Model training for machine learning

Linear regression

In a nutshell, a linear model is a weighted sum of input features, plus a constant called a bias term (or intercept term), and makes predictions based on that, as shown in the following formula:

y = \theta_0 + \theta_1x_1 + \theta_2x_2 + … + \theta_nx_n

In this formula:

yIs predicted
nIs the number of features
$x_i$ Is the firstiA characteristic value
$\theta_j$ Is the firstjModel parameters (including deviation term) $\theta_0$ And feature weight $\theta_1,\theta_2,\theta_3,… ,\theta_n$ )

Training linear regression model is the process of setting model parameters until the model best fits the training set. Therefore, we need to know how to measure the model’s fitting degree to the training data first. The most common performance indicator of regression models is root mean square error (RMSE), so it seems necessary to find θ\ Theta θ values to minimize RMSE when training linear regression models. However, in practice, MSE minimization is often used instead of RMSE minimization because MSE is simple to calculate and has the same effect as RMSE.

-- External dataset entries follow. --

definition vadd :: "vec \<Rightarrow> vec \<Rightarrow> vec" where
  "vadd x y = (\<lambda>i. x i + y i)"

definition vsub :: "vec \<Rightarrow> vec \<Rightarrow> vec" where
  "vsub x y = (\<lambda>i. x i - y i)"

definition vscale :: "real \<Rightarrow> vec \<Rightarrow> vec" where
  "vscale c x = (\<lambda>i. c * x i)"

definition is_banach_str :: "vec set \<Rightarrow> (vec \<Rightarrow> real) \<Rightarrow> bool" where
  "is_banach_str V nu \<longleftrightarrow>
     (\<lambda>i. 0) \<in> V \<and>
     (\<forall>x\<in>V. \<forall>y\<in>V. vadd x y \<in> V) \<and>
     (\<forall>x\<in>V. \<forall>c. vscale c x \<in> V) \<and>
     (\<forall>x\<in>V. nu x \<ge> 0) \<and>
     (\<forall>x\<in>V. nu x = 0 \<longleftrightarrow> x = (\<lambda>i. 0)) \<and>
     (\<forall>x\<in>V. \<forall>c. nu (vscale c x) = \<bar>c\<bar> * nu x) \<and>
     (\<forall>x\<in>V. \<forall>y\<in>V. nu (vadd x y) \<le> nu x + nu y) \<and>
     (\<forall>s::nat \<Rightarrow> vec. (\<forall>n. s n \<in> V) \<longrightarrow>
        (\<forall>e>0. \<exists>M. \<forall>p\<ge>M. \<forall>q\<ge>M. nu (vsub (s p) (s q)) < e) \<longrightarrow>
        (\<exists>l\<in>V. \<forall>e>0. \<exists>M. \<forall>p\<ge>M. nu (vsub (s p) l) < e))"

definition linear_on :: "vec set \<Rightarrow> (vec \<Rightarrow> real) \<Rightarrow> bool" where
  "linear_on V phi \<longleftrightarrow>
     (\<forall>x\<in>V. \<forall>y\<in>V. phi (vadd x y) = phi x + phi y) \<and>
     (\<forall>x\<in>V. \<forall>c. phi (vscale c x) = c * phi x)"

definition dual_ball :: "vec set \<Rightarrow> (vec \<Rightarrow> real) \<Rightarrow> (vec \<Rightarrow> real) set" where
  "dual_ball V nu = {phi. linear_on V phi \<and> (\<forall>x\<in>V. \<bar>phi x\<bar> \<le> nu x)}"

definition weak1_norm :: "vec set \<Rightarrow> (vec \<Rightarrow> real) \<Rightarrow> nat \<Rightarrow> (nat \<Rightarrow> vec) \<Rightarrow> real" where
  "weak1_norm V nu N x = (SUP phi\<in>dual_ball V nu. (\<Sum>j<N. \<bar>phi (x j)\<bar>))"

text \<open>m-linear forms: A takes a sequence of arguments, only the first m matter.\<close>
definition sym_multilinear_bdd :: "vec set \<Rightarrow> (vec \<Rightarrow> real) \<Rightarrow> nat \<Rightarrow> ((nat \<Rightarrow> vec) \<Rightarrow> real) \<Rightarrow> bool" where
  "sym_multilinear_bdd V nu m A \<longleftrightarrow>
     (\<forall>v w. (\<forall>i<m. v i = w i) \<longrightarrow> A v = A w) \<and>
     (\<forall>v i y. (\<forall>j<m. v j \<in> V) \<longrightarrow> i < m \<longrightarrow> y \<in> V \<longrightarrow>
          A (v(i := vadd (v i) y)) = A v + A (v(i := y))) \<and>
     (\<forall>v i c. (\<forall>j<m. v j \<in> V) \<longrightarrow> i < m \<longrightarrow>
          A (v(i := vscale c (v i))) = c * A v) \<and>
     (\<forall>v \<sigma>. \<sigma> permutes {..<m} \<longrightarrow> A (v \<circ> \<sigma>) = A v) \<and>
     (\<exists>C. \<forall>v. (\<forall>j<m. v j \<in> V) \<longrightarrow> \<bar>A v\<bar> \<le> C * (\<Prod>j<m. nu (v j)))"

definition poly_norm :: "vec set \<Rightarrow> (vec \<Rightarrow> real) \<Rightarrow> ((nat \<Rightarrow> vec) \<Rightarrow> real) \<Rightarrow> real" where
  "poly_norm V nu A = (SUP x\<in>{x\<in>V. nu x \<le> 1}. \<bar>A (\<lambda>_. x)\<bar>)"

text \<open>L is an admissible constant in the polynomial Bohnenblust--Hille type inequality
  of degree m (for all real Banach spaces in the above representation).
  A is the polar of P, P x = A(x,...,x).\<close>
definition BH_admissible :: "nat \<Rightarrow> real \<Rightarrow> bool" where
  "BH_admissible m L \<longleftrightarrow>
     (\<forall>V nu A N x. is_banach_str V nu \<longrightarrow> sym_multilinear_bdd V nu m A \<longrightarrow>
        (\<forall>k<m. \<forall>j<N. x k j \<in> V) \<longrightarrow>
        (\<Sum>jj\<in>PiE {..<m} (\<lambda>_. {..<N}). \<bar>A (\<lambda>k. x k (jj k))\<bar> powr (2 * real m / (real m + 1)))
            powr ((real m + 1) / (2 * real m))
        \<le> L * poly_norm V nu A * (\<Prod>k<m. weak1_norm V nu N (x k)))"

definition f_t :: "real \<Rightarrow> real" where
  "f_t t = (2 * t powr (4/3) + 2 * (sqrt (t * (1 - t))) powr (4/3)) powr (3/4)"

definition coeffA :: "real \<Rightarrow> nat \<Rightarrow> nat \<Rightarrow> real" where
  "coeffA t0 k j = (\<Sum>l=0..j div 2.
     (if j \<le> k + l then
        fact k * (-1) ^ (k + l - j) * t0 ^ (k + 2 * l - j) * (2 * sqrt (t0 * (1 - t0))) ^ (j - 2 * l)
        / (fact l * fact (j - 2 * l) * fact (k + l - j))
      else 0))"

end

theory Submission
  imports Defs
begin

(* The inequality defining an admissible constant L is tested on the simplest
   possible data: the plane with the max-norm, l_inf^2 (modelled as the vectors
   supported on {0,1}), and the two unit vectors e_0, e_1, whose weak 1-norm is 1.

   1. l_inf^2 is a Banach space in the sense of Defs and ||(e_0,e_1)||_{w,1} = 1.
   2. Every sequence c_0,...,c_m defines the symmetric m-linear form
        sym_form m c v = sum_{S <= {0..m-1}} c_|S| prod_{i in S} v_i(0) prod_{i notin S} v_i(1)
      on l_inf^2.  Its value at (e_{j_1},...,e_{j_m}) is c_(number of j_i = 0), and
      its diagonal is the polynomial sum_j C(m,j) c_j x^j y^(m-j).  Counting the
      index tuples by their number of zeros turns the Bohnenblust--Hille inequality
      into  (sum_j C(m,j) |c_j|^(2m/(m+1)))^((m+1)/(2m)) <= L ||P_c||  (BH_lower_bound).
   3. By the trinomial expansion, the A_j of the paper are the coefficients of
      q^k, q(x,y) = t x^2 - t y^2 + 2 sqrt(t(1-t)) xy, and |q| <= 1 on the unit square
      for 0 <= t <= 1.  With c_j = A_j / C(2k,j) the polynomial is q^k, whose norm
      lies in (0,1], and the theorem follows.
   The maximality of t0 only selects the best of these bounds. *)

definition V2 :: "vec set" where
  "V2 = {x. \<forall>i\<ge>2. x i = 0}"

definition nu2 :: "vec \<Rightarrow> real" where
  "nu2 x = max \<bar>x 0\<bar> \<bar>x 1\<bar>"

definition unit_vec :: "nat \<Rightarrow> vec" where
  "unit_vec j = (\<lambda>i. if i = j then 1 else 0)"

lemma coord_le_nu2: "\<bar>x 0\<bar> \<le> nu2 x" "\<bar>x 1\<bar> \<le> nu2 x"
  by (auto simp: nu2_def)

lemma unit_vec_in_V2: "j < 2 \<Longrightarrow> unit_vec j \<in> V2"
  by (auto simp: V2_def unit_vec_def)

(* Completeness of l_inf^2: a Cauchy sequence converges coordinatewise. *)
lemma V2_complete:
  fixes s :: "nat \<Rightarrow> vec"
  assumes "\<forall>e>0. \<exists>M. \<forall>p\<ge>M. \<forall>q\<ge>M. nu2 (vsub (s p) (s q)) < e"
  shows "\<exists>l\<in>V2. \<forall>e>0. \<exists>M. \<forall>p\<ge>M. nu2 (vsub (s p) l) < e"
proof -
  have "Cauchy (\<lambda>n. s n i)" if "i \<le> 1" for i :: nat
  proof (rule metric_CauchyI)
    fix e :: real assume "e > 0"
    then obtain M where M: "\<forall>p\<ge>M. \<forall>q\<ge>M. nu2 (vsub (s p) (s q)) < e" using assms by blast
    have diff: "\<bar>s p i - s q i\<bar> \<le> nu2 (vsub (s p) (s q))" for p q
      using that coord_le_nu2[of "vsub (s p) (s q)"] by (cases i) (auto simp: vsub_def)
    show "\<exists>M. \<forall>p\<ge>M. \<forall>q\<ge>M. dist (s p i) (s q i) < e"
    proof (intro exI allI impI)
      fix p q assume "p \<ge> M" "q \<ge> M"
      then show "dist (s p i) (s q i) < e"
        using M diff[of p q] by (fastforce simp: dist_real_def)
    qed
  qed
  then obtain a0 a1 where a0: "(\<lambda>n. s n 0) \<longlonglongrightarrow> a0" and a1: "(\<lambda>n. s n 1) \<longlonglongrightarrow> a1"
    by (meson Cauchy_convergent convergent_def le_refl zero_le_one)
  define l :: vec where "l = (\<lambda>i. if i = 0 then a0 else if i = 1 then a1 else 0)"
  have "\<exists>M. \<forall>p\<ge>M. nu2 (vsub (s p) l) < e" if e: "e > 0" for e
  proof -
    obtain M0 where M0: "\<forall>p\<ge>M0. \<bar>s p 0 - a0\<bar> < e"
      using LIMSEQ_D[OF a0 e] by (auto simp: real_norm_def)
    obtain M1 where M1: "\<forall>p\<ge>M1. \<bar>s p 1 - a1\<bar> < e"
      using LIMSEQ_D[OF a1 e] by (auto simp: real_norm_def)
    show ?thesis
      by (rule exI[of _ "max M0 M1"]) (auto simp: nu2_def vsub_def l_def M0 M1[simplified])
  qed
  moreover have "l \<in> V2" by (auto simp: l_def V2_def)
  ultimately show ?thesis by blast
qed

lemma banach_V2: "is_banach_str V2 nu2"
  unfolding is_banach_str_def
proof (intro conjI ballI allI impI)
  fix x assume x: "x \<in> V2"
  show "nu2 x = 0 \<longleftrightarrow> x = (\<lambda>i. 0)"
  proof
    assume "nu2 x = 0"
    then have "x 0 = 0" "x 1 = 0" using coord_le_nu2[of x] by auto
    moreover have "x i = 0" if "i \<ge> 2" for i using x that by (simp add: V2_def)
    ultimately show "x = (\<lambda>i. 0)"
      by (metis One_nat_def less_2_cases not_le)
  qed (simp add: nu2_def)
next
  fix x y show "nu2 (vadd x y) \<le> nu2 x + nu2 y"
    by (simp add: nu2_def vadd_def) linarith
next
  fix s :: "nat \<Rightarrow> vec"
  assume "\<forall>e>0. \<exists>M. \<forall>p\<ge>M. \<forall>q\<ge>M. nu2 (vsub (s p) (s q)) < e"
  then show "\<exists>l\<in>V2. \<forall>e>0. \<exists>M. \<forall>p\<ge>M. nu2 (vsub (s p) l) < e" by (rule V2_complete)
qed (simp_all add: V2_def nu2_def vadd_def vscale_def abs_mult max_mult_distrib_left)

(* ||(e_0,e_1)||_{w,1} = 1: a norm-one functional phi has |phi e_0| + |phi e_1| =
   phi(+-e_0 +- e_1) <= 1, and the first coordinate attains 1. *)
lemma weak1_norm_unit_vecs: "weak1_norm V2 nu2 2 unit_vec = 1"
  unfolding weak1_norm_def
proof (rule antisym)
  have bound: "(\<Sum>j<2. \<bar>phi (unit_vec j)\<bar>) \<le> 1" if "phi \<in> dual_ball V2 nu2" for phi
  proof -
    have lin: "linear_on V2 phi" and bd: "\<forall>x\<in>V2. \<bar>phi x\<bar> \<le> nu2 x"
      using that by (auto simp: dual_ball_def)
    define a :: real where "a = sgn (phi (unit_vec 0))"
    define b :: real where "b = sgn (phi (unit_vec 1))"
    define w where "w = vadd (vscale a (unit_vec 0)) (vscale b (unit_vec 1))"
    have in_V2: "unit_vec 0 \<in> V2" "unit_vec 1 \<in> V2" "vscale a (unit_vec 0) \<in> V2"
        "vscale b (unit_vec 1) \<in> V2" "w \<in> V2"
      by (auto simp: V2_def unit_vec_def vscale_def vadd_def w_def)
    have "phi w = a * phi (unit_vec 0) + b * phi (unit_vec 1)"
      using lin in_V2 unfolding w_def linear_on_def by simp
    also have "\<dots> = \<bar>phi (unit_vec 0)\<bar> + \<bar>phi (unit_vec 1)\<bar>"
      by (simp add: a_def b_def abs_sgn mult.commute)
    finally have "phi w = (\<Sum>j<2. \<bar>phi (unit_vec j)\<bar>)" by (simp add: numeral_2_eq_2)
    moreover have "nu2 w \<le> 1"
      by (simp add: nu2_def w_def vadd_def vscale_def unit_vec_def a_def b_def abs_sgn_eq)
    ultimately show ?thesis using bd in_V2(5) by fastforce
  qed
  have coord0: "(\<lambda>x. x 0) \<in> dual_ball V2 nu2"
    by (auto simp: dual_ball_def linear_on_def vadd_def vscale_def nu2_def)
  show "(SUP phi\<in>dual_ball V2 nu2. \<Sum>j<2. \<bar>phi (unit_vec j)\<bar>) \<le> 1"
    using coord0 bound by (intro cSUP_least) auto
  have "(\<Sum>j<2. \<bar>unit_vec j 0\<bar>) \<le> (SUP phi\<in>dual_ball V2 nu2. \<Sum>j<2. \<bar>phi (unit_vec j)\<bar>)"
    using bound by (intro cSUP_upper[OF coord0, of "\<lambda>phi. \<Sum>j<2. \<bar>phi (unit_vec j)\<bar>", simplified]
        bdd_aboveI2)
  then show "1 \<le> (SUP phi\<in>dual_ball V2 nu2. \<Sum>j<2. \<bar>phi (unit_vec j)\<bar>)"
    by (simp add: numeral_2_eq_2 unit_vec_def)
qed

On the training set X, the MSE of the linear regression is calculated using the following formula (hθh_\thetahθ is a hypothetical function) :

MSE=(X,h_\theta)=\frac{1}{m}\sum_{i=1}^m(\theta^Tx^{(i)}-y^{(i)})^2

To get the lowest θ\thetaθ value for the cost function, there is a closed form solution (the mathematical equation that leads directly to the result), the standard equation:

\theta=(X^TX)^{-1}X^Ty

In this equation:

θ\theta theta is the value of theta \theta theta that minimizes the cost function
Y is a vector of target values from y(1)y^{(1)}y(1) to y(m)y^{(m)}y(m)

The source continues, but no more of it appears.